**What to work on**:
Whenever a line in the data contains "fixes", show that line.

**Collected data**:

(* Let $p$ be a program of the nondeterministic guarded command language and $b,c\subseteq\Sigma$ predicates. Then $b\subseteq\mathsf{awp}(p)(c)$ (i.e. the triple $\{b\}\,p\,\{c\}$ is a valid Lisbon triple) if and only if, in the relational interpretation, $b\,p\,c\,\top = b\,\top$.
   Context: Program states are functions $\sigma:\mathsf{Vars}\to\mathbb{Z}$; $\Sigma$ is the set of all states, and a predicate is a subset of $\Sigma$. Programs are generated by $p ::= \texttt{skip} \mid x:=e \mid p;p \mid \{p\}\,\square\,\{p\} \mid \texttt{if}(g)\{p\}\texttt{else}\{p\} \mid \texttt{while}(g)\{p\}$, where $\square$ is nondeterministic choice. The collecting semantics $[\![p]\!]:\mathcal P(\Sigma)\to\mathcal P(\Sigma)$ is: $[\![\texttt{skip}]\!]S=S$; $[\![x:=e]\!]S=\{\sigma[x\mapsto\sigma(e)]\mid\sigma\in S\}$; $[\![p_1;p_2]\!]=[\![p_2]\!]\circ[\![p_1]\!]$; $[\![\texttt{if}(g)\{p_1\}\texttt{else}\{p_2\}]\!]S=[\![p_1]\!](S\cap g)\cup[\![p_2]\!](S\cap\overline g)$; $[\![\texttt{while}(g)\{p\}]\!]S=\overline g\cap\mathrm{lfp}\,X.\,(S\cup[\![p]\!](X\cap g))$; $[\![\{p_1\}\square\{p_2\}]\!]S=[\![p_1]\!]S\cup[\![p_2]\!]S$. Write $[\![p]\!](\sigma)=[\![p]\!]\{\sigma\}$. The angelic weakest precondition is $\mathsf{awp}(p)(c)=\{\sigma\mid [\![p]\!](\sigma)\cap c\neq\emptyset\}$. Relational interpretation (Kleene algebra with top and tests over the relations on $\Sigma$): the program $p$ denotes the relation $\{(\sigma,\tau)\mid\tau\in[\![p]\!](\sigma)\}\subseteq\Sigma\times\Sigma$; a predicate (test) $b$ denotes the partial identity $\{(\sigma,\sigma)\mid\sigma\in b\}$; juxtaposition denotes relational composition ($RS=\{(\sigma,\rho)\mid\exists\tau.\,(\sigma,\tau)\in R,(\tau,\rho)\in S\}$); $\top=\Sigma\times\Sigma$ is the universal relation. *)

theory Defs
  imports Main
begin

type_synonym 'v state = "'v \<Rightarrow> int"
type_synonym 'v pred = "'v state set"

datatype 'v prog =
    Skip
  | Assign 'v "'v state \<Rightarrow> int"
  | Seq "'v prog" "'v prog"
  | Choice "'v prog" "'v prog"
  | If "'v pred" "'v prog" "'v prog"
  | While "'v pred" "'v prog"

primrec sem :: "'v prog \<Rightarrow> 'v pred \<Rightarrow> 'v pred" where
  "sem Skip S = S"
| "sem (Assign x e) S = {\<sigma>(x := e \<sigma>) | \<sigma>. \<sigma> \<in> S}"
| "sem (Seq p1 p2) S = sem p2 (sem p1 S)"
| "sem (Choice p1 p2) S = sem p1 S \<union> sem p2 S"
| "sem (If g p1 p2) S = sem p1 (S \<inter> g) \<union> sem p2 (S \<inter> - g)"
| "sem (While g p) S = - g \<inter> lfp (\<lambda>X. S \<union> sem p (X \<inter> g))"

definition awp :: "'v prog \<Rightarrow> 'v pred \<Rightarrow> 'v pred" where
  "awp p c = {\<sigma>. sem p {\<sigma>} \<inter> c \<noteq> {}}"

definition rel :: "'v prog \<Rightarrow> ('v state \<times> 'v state) set" where
  "rel p = {(\<sigma>, \<tau>). \<tau> \<in> sem p {\<sigma>}}"

definition test :: "'v pred \<Rightarrow> ('v state \<times> 'v state) set" where
  "test b = Id_on b"

definition topR :: "('v state \<times> 'v state) set" where
  "topR = UNIV"

end

theory Submission
  imports Defs
begin

text \<open>The angelic precondition awp p c is the domain of the relation p c, and for any
relation S the identity b S \<top> = b \<top> says precisely that every state of b lies in the
domain of S: the left-hand side relates a state of b to everything iff it has an S-successor.\<close>

lemma Id_on_relcomp_UNIV_eq_iff_subset_Domain:
  fixes S :: "('a \<times> 'b) set"
  shows "Id_on b O S O (UNIV :: ('b \<times> 'c) set) = Id_on b O UNIV \<longleftrightarrow> b \<subseteq> Domain S"
proof
  assume eq: "Id_on b O S O (UNIV :: ('b \<times> 'c) set) = Id_on b O UNIV"
  show "b \<subseteq> Domain S"
  proof
    fix s assume "s \<in> b"
    then have "(s, undefined :: 'c) \<in> Id_on b O S O UNIV"
      by (subst eq) auto
    then show "s \<in> Domain S" by auto
  qed
next
  assume "b \<subseteq> Domain S"
  then show "Id_on b O S O (UNIV :: ('b \<times> 'c) set) = Id_on b O UNIV"
    by fastforce
qed

lemma awp_eq_Domain_rel_test: "awp p c = Domain (rel p O test c)"
  unfolding awp_def rel_def test_def by auto

theorem mainTheorem7:
  fixes p :: "'v prog" and b c :: "'v pred"
  shows "b \<subseteq> awp p c \<longleftrightarrow> test b O rel p O test c O topR = test b O topR"
  unfolding awp_eq_Domain_rel_test test_def topR_def
  using Id_on_relcomp_UNIV_eq_iff_subset_Domain[of b "rel p O Id_on c", unfolded O_assoc]
  by (rule sym)

end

**Answer to this problem**:
  fixes S :: "('a \<times> 'b) set"
  fixes p :: "'v prog" and b c :: "'v pred"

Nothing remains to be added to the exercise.